Assays and calculations
Survival time was recorded for 12 h and the median survival time for each group was calculated. Animals surviving to 12 h were anesthetized and sacrificed.
Rats in groups C, SAP, SL, MUL and IU (n=8 for each group) were sacrificed for histology and amylase and lipase measurements 3 h after the establishment of each model. Arterial blood was also collected into heparinized syringes from the abdominal aorta following general anesthesia and a second laparotomy. Blood pH, lactic acid and base excess were detected using a blood gas analyzer (GEM 3000; Instrumentation Laboratory Company, Bedford, MA, USA). The activity of plasma amylase and lipase was determined using an automatic biochemical analyzer (Beckman Coulter-AU5800; Beckman Coulter, Indianapolis, IN, USA).
Pancreatic tissue for histology was fixed in formalin, subjected to conventional dehydration, embedded in paraffin and then sectioned into 5-µm sections, for subsequent staining by hematoxylin and eosin. Examination by light microscopy was performed by two professional pathologists using a double-blind method as to whether the section was from the treatment or the control groups. Three slices were randomly selected from each group; 10 high-power fields of vision were randomly selected for each slice and the extent of pancreatic tissue damage due to edema, inflammation and necrosis was evaluated as the histological parameters for grading the specific tissue damage to the pancreas. The pathological score for pancreatic tissue was calculated according to Rongione's standards as a reference with a minimum score of 0 and the highest score of 4 (11).
Statistical analysis
Data are expressed as mean ± standard deviation. Statistical analyses were performed using the SPSS software package (version 19.0; IBM SPSS, Armonk, NY, USA). In the survival experiments, the survival time after the 12-h observation period was conducted by the Kaplan-Meier or Kruskal-Wallis H test. Analysis of variance or the Kruskal-Wallis H test was used for comparisons of biochemical data among all groups.

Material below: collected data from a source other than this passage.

(* Let $0<\delta<1$, let $\omega_0$ be the Cao soliton on $\mathbb{C}^n$ with Laplace–Beltrami operator $\Delta$, $X=-2r\partial_r=-4\partial_t$, and $w=e^{\delta\varphi}$. (1) For every $t_0\in\mathbb{R}$ and every $C^2$ function $u$ on $\{t\le t_0\}\subseteq\mathbb{C}^n$, \[ \sup_{t\le t_0}w|u|\le\max\left[\sup_{t=t_0}w|u|,\ \frac1{4\delta(1-\delta)n}\sup_{t\le t_0}w|(\Delta-X)u|\right]. \] (2) For every $r_0\in[1,\infty]$ and every $u$ on $\{1\le r\le r_0\}$ such that $u|_{\{r=r_0\}}=0$ if $r_0<\infty$, or $u\in C^2_\delta(\{1\le r\})$ if $r_0=\infty$, \[ \sup_{1\le r\le r_0}w|u|\le\max\left[\sup_{r=1}w|u|,\ \frac1{4\delta(1-\delta)n}\sup_{1\le r\le r_0}w|(\Delta-X)u|\right]. \]
   Context: On $\mathbb{C}^n$, $r=|z|$, $t=\log r^2$. $F(s)=\sum_{j=0}^{n-1}(-1)^{n-j-1}\frac{(n-1)!}{j!}s^j$, $\varphi$ defined by $F(\varphi(t))e^{\varphi(t)}=\frac{e^{nt}}n+F(0)$; it satisfies $\varphi^{n-1}\varphi_te^{\varphi}=e^{nt}$ and $0<\varphi_t<n$. The Cao soliton is $\omega_0=\tfrac i2\partial\overline{\partial}\Phi_0$ with $\partial_t\Phi_0=\varphi$ (smooth Kähler on $\mathbb{C}^n$). $\Delta$ is the trace of the Hessian (so on radial functions $\Delta f=\frac{4}{\varphi^{n-1}\varphi_t}\partial_t(\varphi^{n-1}\partial_tf)$). $C^2_\delta$ is the space of $C^2$ functions $u$ with $e^{\delta\varphi}u$ bounded in $C^2$ with respect to $\omega_0$. *)

theory Defs
  imports "HOL-Analysis.Analysis"
begin

text \<open>Setting: C^n is modelled as complex^'n, with n = CARD('n).
  Real-valued functions u :: complex^'n => real; derivatives are real Frechet derivatives.\<close>

definition Fpol :: "nat \<Rightarrow> real \<Rightarrow> real" where
  "Fpol n s = (\<Sum>j<n. (-1) ^ (n - j - 1) * (fact (n - 1) / fact j) * s ^ j)"

definition phi :: "nat \<Rightarrow> real \<Rightarrow> real" where
  "phi n t = (THE s. 0 < s \<and> Fpol n s * exp s = exp (real n * t) / real n + Fpol n 0)"

text \<open>phi as a function on C^n, t = log |z|^2; at the origin t = -infinity and phi = 0.\<close>
definition phiz :: "complex^'n::finite \<Rightarrow> real" where
  "phiz z = (if z = 0 then 0 else phi CARD('n) (ln ((norm z)\<^sup>2)))"

text \<open>Kaehler potential of the Cao soliton: d Phi0 / dt = phi, i.e.
  Phi0(z) = integral_0^{|z|^2} phi(log s)/s ds.\<close>
definition Phi0 :: "complex^'n::finite \<Rightarrow> real" where
  "Phi0 z = integral {0..(norm z)\<^sup>2} (\<lambda>s. phi CARD('n) (ln s) / s)"

definition wgt :: "real \<Rightarrow> complex^'n::finite \<Rightarrow> real" where
  "wgt \<delta> z = exp (\<delta> * phiz z)"

definition D2 :: "(complex^'n::finite \<Rightarrow> real) \<Rightarrow> complex^'n \<Rightarrow> complex^'n \<Rightarrow> complex^'n \<Rightarrow> real" where
  "D2 u x v w = frechet_derivative (\<lambda>y. frechet_derivative u (at y) v) (at x) w"

text \<open>u is C^2 on S (S possibly closed): it is C^2 on some open set containing S.\<close>
definition C2_on :: "(complex^'n::finite) set \<Rightarrow> (complex^'n \<Rightarrow> real) \<Rightarrow> bool" where
  "C2_on S u \<longleftrightarrow> (\<exists>U. open U \<and> S \<subseteq> U \<and>
      (\<forall>x\<in>U. u differentiable (at x)) \<and>
      (\<forall>v. \<forall>x\<in>U. (\<lambda>y. frechet_derivative u (at y) v) differentiable (at x)) \<and>
      (\<forall>v w. continuous_on U (\<lambda>x. D2 u x v w)))"

text \<open>Complex Hessian entry d_i d_{bar j} u.\<close>
definition hessC :: "(complex^'n::finite \<Rightarrow> real) \<Rightarrow> complex^'n \<Rightarrow> complex^'n^'n" where
  "hessC u z = (\<chi> i j.
      complex_of_real ((D2 u z (axis i 1) (axis j 1) + D2 u z (axis i \<i>) (axis j \<i>)) / 4)
      + \<i> * complex_of_real ((D2 u z (axis i 1) (axis j \<i>) - D2 u z (axis i \<i>) (axis j 1)) / 4))"

text \<open>Metric coefficients g_{i bar j} of omega_0 = (i/2) dd^c Phi0.\<close>
definition gmat :: "complex^'n::finite \<Rightarrow> complex^'n^'n" where
  "gmat z = hessC Phi0 z"

definition lap :: "(complex^'n::finite \<Rightarrow> real) \<Rightarrow> complex^'n \<Rightarrow> real" where
  "lap u z = 4 * Re (trace (matrix_inv (gmat z) ** hessC u z))"

definition Xop :: "(complex^'n::finite \<Rightarrow> real) \<Rightarrow> complex^'n \<Rightarrow> real" where
  "Xop u z = -2 * frechet_derivative u (at z) z"

definition gR :: "complex^'n::finite \<Rightarrow> complex^'n \<Rightarrow> complex^'n \<Rightarrow> real" where
  "gR z a b = Re (\<Sum>j\<in>UNIV. \<Sum>k\<in>UNIV. gmat z $ j $ k * a $ j * cnj (b $ k))"

text \<open>Christoffel symbols of the Levi-Civita connection (for constant vector fields a, b).\<close>
definition Gam :: "complex^'n::finite \<Rightarrow> complex^'n \<Rightarrow> complex^'n \<Rightarrow> complex^'n" where
  "Gam z a b = (THE e. \<forall>c. gR z e c =
      (frechet_derivative (\<lambda>y. gR y b c) (at z) a + frechet_derivative (\<lambda>y. gR y a c) (at z) b
       - frechet_derivative (\<lambda>y. gR y a b) (at z) c) / 2)"
lemma sum_forest_weight_add_root:
  fixes B :: "'b::field set"
  assumes F: "rooted_forest V P R" "x \<notin> V"
    and C: "\<And>(B :: 'b set) c. finite B \<Longrightarrow> card B = card V \<Longrightarrow> c \<notin> B \<Longrightarrow>
      (\<Sum>\<phi>\<in>bijections V B. forest_weight V P R c \<phi>) = of_nat C * (\<Prod>b\<in>B. b / (b - c))"
    and B: "finite B" "card B = Suc (card V)" "c \<notin> B"
  shows "(\<Sum>\<phi>\<in>bijections (insert x V) B. forest_weight (insert x V) (P \<union> R \<times> {x}) {x} c \<phi>) =
    of_nat C * (\<Prod>b\<in>B. b / (b - c))"
proof -
  have "(\<Sum>\<phi>\<in>bijections (insert x V) B. forest_weight (insert x V) (P \<union> R \<times> {x}) {x} c \<phi>) =
      (\<Sum>\<phi>\<in>bijections (insert x V) B. \<phi> x / (\<phi> x - c) * tree_weight V (P \<union> R \<times> {x}) \<phi>)"
    by (simp add: forest_weight_add_root[OF F])
  also have "\<dots> = of_nat C * (\<Sum>b\<in>B. b / (b - c) * (\<Prod>b'\<in>B - {b}. b' / (b' - b)))"
    by (rule sum_bijections_tree_weight_add_root[OF F C B(1,2)])
  also have "(\<Sum>b\<in>B. b / (b - c) * (\<Prod>b'\<in>B - {b}. b' / (b' - b))) = (\<Prod>b\<in>B. b / (b - c))"
    using B by (intro partial_fraction_prod) auto
  finally show ?thesis .
qed

lemma sum_forest_weight:
  assumes "rooted_forest V P R"
  shows "\<exists>C>0. \<forall>(B :: 'b::field set) c. finite B \<longrightarrow> card B = card V \<longrightarrow> c \<notin> B \<longrightarrow>
    (\<Sum>\<phi>\<in>bijections V B. forest_weight V P R c \<phi>) = of_nat C * (\<Prod>b\<in>B. b / (b - c))"
  using assms
proof (induction rule: rooted_forest.induct)
  case empty
  have "bijections ({} :: 'a set) ({} :: 'b set) = {\<lambda>_. undefined}" by (auto simp: bijections_def bij_betw_def)
  then show ?case by (auto intro!: exI[of _ 1] simp: forest_weight_def)
next
  case (Un V1 P1 R1 V2 P2 R2)
  then obtain C1 C2 where "C1 > 0" "C2 > 0"
    and C1: "\<And>(B :: 'b set) c. finite B \<Longrightarrow> card B = card V1 \<Longrightarrow> c \<notin> B \<Longrightarrow>
      (\<Sum>\<phi>\<in>bijections V1 B. forest_weight V1 P1 R1 c \<phi>) = of_nat C1 * (\<Prod>b\<in>B. b / (b - c))"
    and C2: "\<And>(B :: 'b set) c. finite B \<Longrightarrow> card B = card V2 \<Longrightarrow> c \<notin> B \<Longrightarrow>
      (\<Sum>\<phi>\<in>bijections V2 B. forest_weight V2 P2 R2 c \<phi>) = of_nat C2 * (\<Prod>b\<in>B. b / (b - c))"
    by blast
  have card: "card (V1 \<union> V2) = card V1 + card V2"
    using Un.hyps by (auto dest: rooted_forestD intro: card_Un_disjoint)
  show ?case
  proof (intro exI conjI allI impI)
    show "C1 * C2 * (card V1 + card V2 choose card V1) > 0" using \<open>C1 > 0\<close> \<open>C2 > 0\<close> by simp
    fix B :: "'b set" and c assume "finite B" "card B = card (V1 \<union> V2)" "c \<notin> B"
    then show "(\<Sum>\<phi>\<in>bijections (V1 \<union> V2) B. forest_weight (V1 \<union> V2) (P1 \<union> P2) (R1 \<union> R2) c \<phi>) =
        of_nat (C1 * C2 * (card V1 + card V2 choose card V1)) * (\<Prod>b\<in>B. b / (b - c))"
      using card by (intro sum_forest_weight_Un[OF Un.hyps C1 C2]) auto
  qed
next
  case (add_root V P R x)
  then obtain C where "C > 0"
    and C: "\<And>(B :: 'b set) c. finite B \<Longrightarrow> card B = card V \<Longrightarrow> c \<notin> B \<Longrightarrow>
      (\<Sum>\<phi>\<in>bijections V B. forest_weight V P R c \<phi>) = of_nat C * (\<Prod>b\<in>B. b / (b - c))"
    by blast
  have card: "card (insert x V) = Suc (card V)"
    using add_root.hyps by (auto dest: rooted_forestD)
  show ?case
  proof (intro exI conjI allI impI)
    show "C > 0" by fact
    fix B :: "'b set" and c assume "finite B" "card B = card (insert x V)" "c \<notin> B"
    then show "(\<Sum>\<phi>\<in>bijections (insert x V) B. forest_weight (insert x V) (P \<union> R \<times> {x}) {x} c \<phi>) =
        of_nat C * (\<Prod>b\<in>B. b / (b - c))"
      using card by (intro sum_forest_weight_add_root[OF add_root.hyps C]) auto
  qed
qed

section \<open>Orienting a rooted tree towards its root\<close>

lemma rooted_forest_singleton: "rooted_forest {x} {} {x}"
  using rooted_forest.add_root[OF rooted_forest.empty, of x] by simp

lemma rooted_forest_attach_leaf:
  "rooted_forest V P R \<Longrightarrow> p \<in> V \<Longrightarrow> l \<notin> V \<Longrightarrow> rooted_forest (insert l V) (insert (l, p) P) R"
proof (induction rule: rooted_forest.induct)
  case empty
  then show ?case by simp
next
  case (Un V1 P1 R1 V2 P2 R2)
  show ?case
  proof (cases "p \<in> V1")
    case True
    then have "rooted_forest (insert l V1 \<union> V2) (insert (l, p) P1 \<union> P2) (R1 \<union> R2)"
      using Un by (intro rooted_forest.Un) auto
    then show ?thesis by simp
  next
    case False
    then have "rooted_forest (V1 \<union> insert l V2) (P1 \<union> insert (l, p) P2) (R1 \<union> R2)"
      using Un by (intro rooted_forest.Un) auto
    then show ?thesis by simp
  qed
next
  case (add_root V P R x)
  show ?case
  proof (cases "p = x")
    case True
    have "rooted_forest (V \<union> {l}) (P \<union> {}) (R \<union> {l})"
      using add_root by (intro rooted_forest.Un rooted_forest_singleton) auto
    then have "rooted_forest (insert x (V \<union> {l})) (P \<union> (R \<union> {l}) \<times> {x}) {x}"
      using add_root by (intro rooted_forest.add_root) auto
    moreover have "P \<union> (R \<union> {l}) \<times> {x} = insert (l, p) (P \<union> R \<times> {x})" using True by auto
    ultimately show ?thesis by (simp add: insert_commute)
  next
    case False
    then have "rooted_forest (insert x (insert l V)) (insert (l, p) P \<union> R \<times> {x}) {x}"
      using add_root by (intro rooted_forest.add_root) auto
    then show ?thesis by (simp add: insert_commute)
  qed
qed

lemma rooted_forest_add_leaf:
  assumes "rooted_forest W P R" "l \<notin> W" "r \<notin> W" "l \<noteq> r" "p \<in> insert r W"
  obtains P' R' where "rooted_forest (insert l W) P' R'" "P' \<union> R' \<times> {r} = insert (l, p) (P \<union> R \<times> {r})"
proof (cases "p = r")
  case True
  have "rooted_forest (W \<union> {l}) (P \<union> {}) (R \<union> {l})"
    using assms by (intro rooted_forest.Un rooted_forest_singleton) auto
  moreover have "P \<union> (R \<union> {l}) \<times> {r} = insert (l, p) (P \<union> R \<times> {r})" using True by auto
  ultimately show ?thesis using that by simp
next
  case False
  then have "rooted_forest (insert l W) (insert (l, p) P) R"
    using assms by (intro rooted_forest_attach_leaf) auto
  then show ?thesis using that by simp
qed

definition incident_edges :: "('a \<times> 'a) set \<Rightarrow> 'a \<Rightarrow> ('a \<times> 'a) set" where
  "incident_edges E v = {e \<in> E. fst e = v \<or> snd e = v}"

lemma sum_card_incident_edges:
  assumes "finite V" "E \<subseteq> V \<times> V" "\<forall>(a, b)\<in>E. a \<noteq> b"
  shows "(\<Sum>v\<in>V. card (incident_edges E v)) = 2 * card E"
proof -
  have E: "finite E" using assms(1,2) by (meson finite_SigmaI finite_subset)
  have split: "card (incident_edges E v) = card {e \<in> E. fst e = v} + card {e \<in> E. snd e = v}" for v
  proof -
    have "incident_edges E v = {e \<in> E. fst e = v} \<union> {e \<in> E. snd e = v}"
      by (auto simp: incident_edges_def)
    moreover have "{e \<in> E. fst e = v} \<inter> {e \<in> E. snd e = v} = {}" using assms(3) by auto
    ultimately show ?thesis using E by (simp add: card_Un_disjoint)
  qed
  have "fst ` E \<subseteq> V" "snd ` E \<subseteq> V" using assms(2) by auto
  then have "(\<Sum>v\<in>V. card {e \<in> E. fst e = v}) = card E" "(\<Sum>v\<in>V. card {e \<in> E. snd e = v}) = card E"
    using sum.group[OF E assms(1), of _ "\<lambda>_. 1 :: nat"] by auto
  then show ?thesis by (simp add: split sum.distrib)
qed

lemma incident_edges_nonempty:
  assumes "(v, w) \<in> (E \<union> E\<inverse>)\<^sup>*" "v \<noteq> w"
  shows "incident_edges E v \<noteq> {}"
proof -
  obtain y where "(v, y) \<in> E \<union> E\<inverse>" using assms by (cases rule: converse_rtranclE) auto
  then show ?thesis by (auto simp: incident_edges_def)
qed

lemma rooted_directed_tree_leaf:
  assumes "rooted_directed_tree V E r" "card V \<ge> 2"
  obtains l e where "l \<in> V" "l \<noteq> r" "incident_edges E l = {e}"
proof -
  have V: "finite V" "r \<in> V" "E \<subseteq> V \<times> V" "\<forall>(a, b)\<in>E. a \<noteq> b" "card E = card V - 1"
    and conn: "\<forall>u\<in>V. \<forall>w\<in>V. (u, w) \<in> (E \<union> E\<inverse>)\<^sup>*"
    using assms(1) by (auto simp: rooted_directed_tree_def)
  let ?deg = "\<lambda>v. card (incident_edges E v)"
  have "finite (incident_edges E v)" for v
    using V(1,3) by (auto simp: incident_edges_def intro: finite_subset[OF _ finite_cartesian_product])
  moreover have "incident_edges E v \<noteq> {}" if "v \<in> V" for v
  proof -
    have "\<not> V \<subseteq> {v}" using \<open>card V \<ge> 2\<close> card_mono[of "{v}" V] by auto
    then obtain w where "w \<in> V" "w \<noteq> v" by blast
    then show ?thesis using conn that by (intro incident_edges_nonempty[of v w]) auto
  qed
  ultimately have pos: "?deg v \<ge> 1" if "v \<in> V" for v
    using that by (simp add: Suc_le_eq card_gt_0_iff)
  have "\<exists>l\<in>V - {r}. ?deg l < 2"
  proof (rule ccontr)
    assume "\<not> ?thesis"
    then have "(\<Sum>v\<in>V - {r}. 2) \<le> (\<Sum>v\<in>V - {r}. ?deg v)" by (intro sum_mono) (auto simp: not_less)
    then have "1 + 2 * (card V - 1) \<le> ?deg r + (\<Sum>v\<in>V - {r}. ?deg v)"
      using pos[OF V(2)] V(1,2) by simp
    also have "\<dots> = (\<Sum>v\<in>V. ?deg v)" using V(1,2) by (simp add: sum.remove)
    also have "\<dots> = 2 * card E" using V(1,3,4) by (rule sum_card_incident_edges)
    finally show False using V(5) by simp
  qed
  then obtain l where "l \<in> V" "l \<noteq> r" "?deg l = 1" using pos by fastforce
  then show ?thesis using that by (auto simp: card_1_singleton_iff)
qed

P<0.05 was considered to indicate a statistically significant difference.
Results
Effect of intraperitoneal lavage with different ulinastatin concentrations on the survival time
The rats in group C remained alive after 12 h. The median survival time of the SAP group was 4.83 h. The SL group did not show a prolonged median survival time compared with the SAP group (6.17 vs. 4.83 h; P>0.05, Fig. 1); however, 25 U/ml ulinastatin added to the lavage fluid (LUL group) began to significantly increase the median survival time (8.17 vs. 4.83 h; P<0.01, Fig. 1), and a maximal effect was exerted with the addition of 62.5 U/ml ulinastatin to the lavage fluid (MUL group) (MUL versus SAP, 9.50 vs. 4.83 h; P<0.01, Fig. 1) (MUL versus SL, 9.50 vs. 6.17 h; P<0.01, Fig. 2). A concentration of 125 U/ml ulinastatin (HUL group) caused similar results to the MUL group when compared with the SAP group (8.75 vs. 4.83 h; P<0.01, Fig. 1). The therapeutic effects were attenuated at a concentration of 250 U/ml (UHUL group) compared with the MUL group (7.67 vs. 9.50 h; P<0.05, Fig. 2) but the UHUL group also showed a significantly increased median survival time compared with the SAP group (7.67 vs. 4.83 h; P<0.05, Fig. 1). Intravenous ulinastatin of 2,500 U/100g (IU group) showed a beneficial effect on the median survival time compared with the SAP group (6.67 vs. 4.83 h; P<0.05, Fig. 1) but a diminished effect when compared with the MUL group (6.67 vs. 9.50 h; P<0.01, Fig. 2). The results are summarized in Table I.
Table I.
P-value | |||||||
---|---|---|---|---|---|---|---|
Group | n | Median survival time (h) | Interquartile range (h) | Compared with the SAP group | Compared with the IU group | Compared with the SL group | |
SAP | 10 | 4.83 | 2.83–8.50 | ||||
IU | 10 | 6.67 | 5.50–9.50 | 0.044a | |||
SL | 10 | 6.17 | 5.33–8.33 | 0.370 | 0.267 | ||
LUL | 10 | 8.17 | 5.25–12.00 | 0.003b | 0.046a | 0.011a | |
MUL | 10 | 9.50 | 6.25–12.00 | 0.000b | 0.002b | 0.000b | |
HUL | 10 | 8.75 | 6.00–12.00 | 0.000b | 0.040a | 0.001b | |
UHUL | 10 | 7.67 | 4.25–11.25 | 0.015a | 0.352 | 0.034a |
P<0.05
P<0.01. SAP, severe acute pancreatitis; IU, intravenous ulinastatin (2,500 U/100g); SL, saline lavage; LUL, low-dose ulinastatin lavage (25 U/ml); MUL, medium-dose ulinastatin lavage (62.5 U/ml); HUL, high-dose ulinastatin lavage (125 U/ml); UHUL, ultra-high-dose ulinastatin lavage (250 U/ml).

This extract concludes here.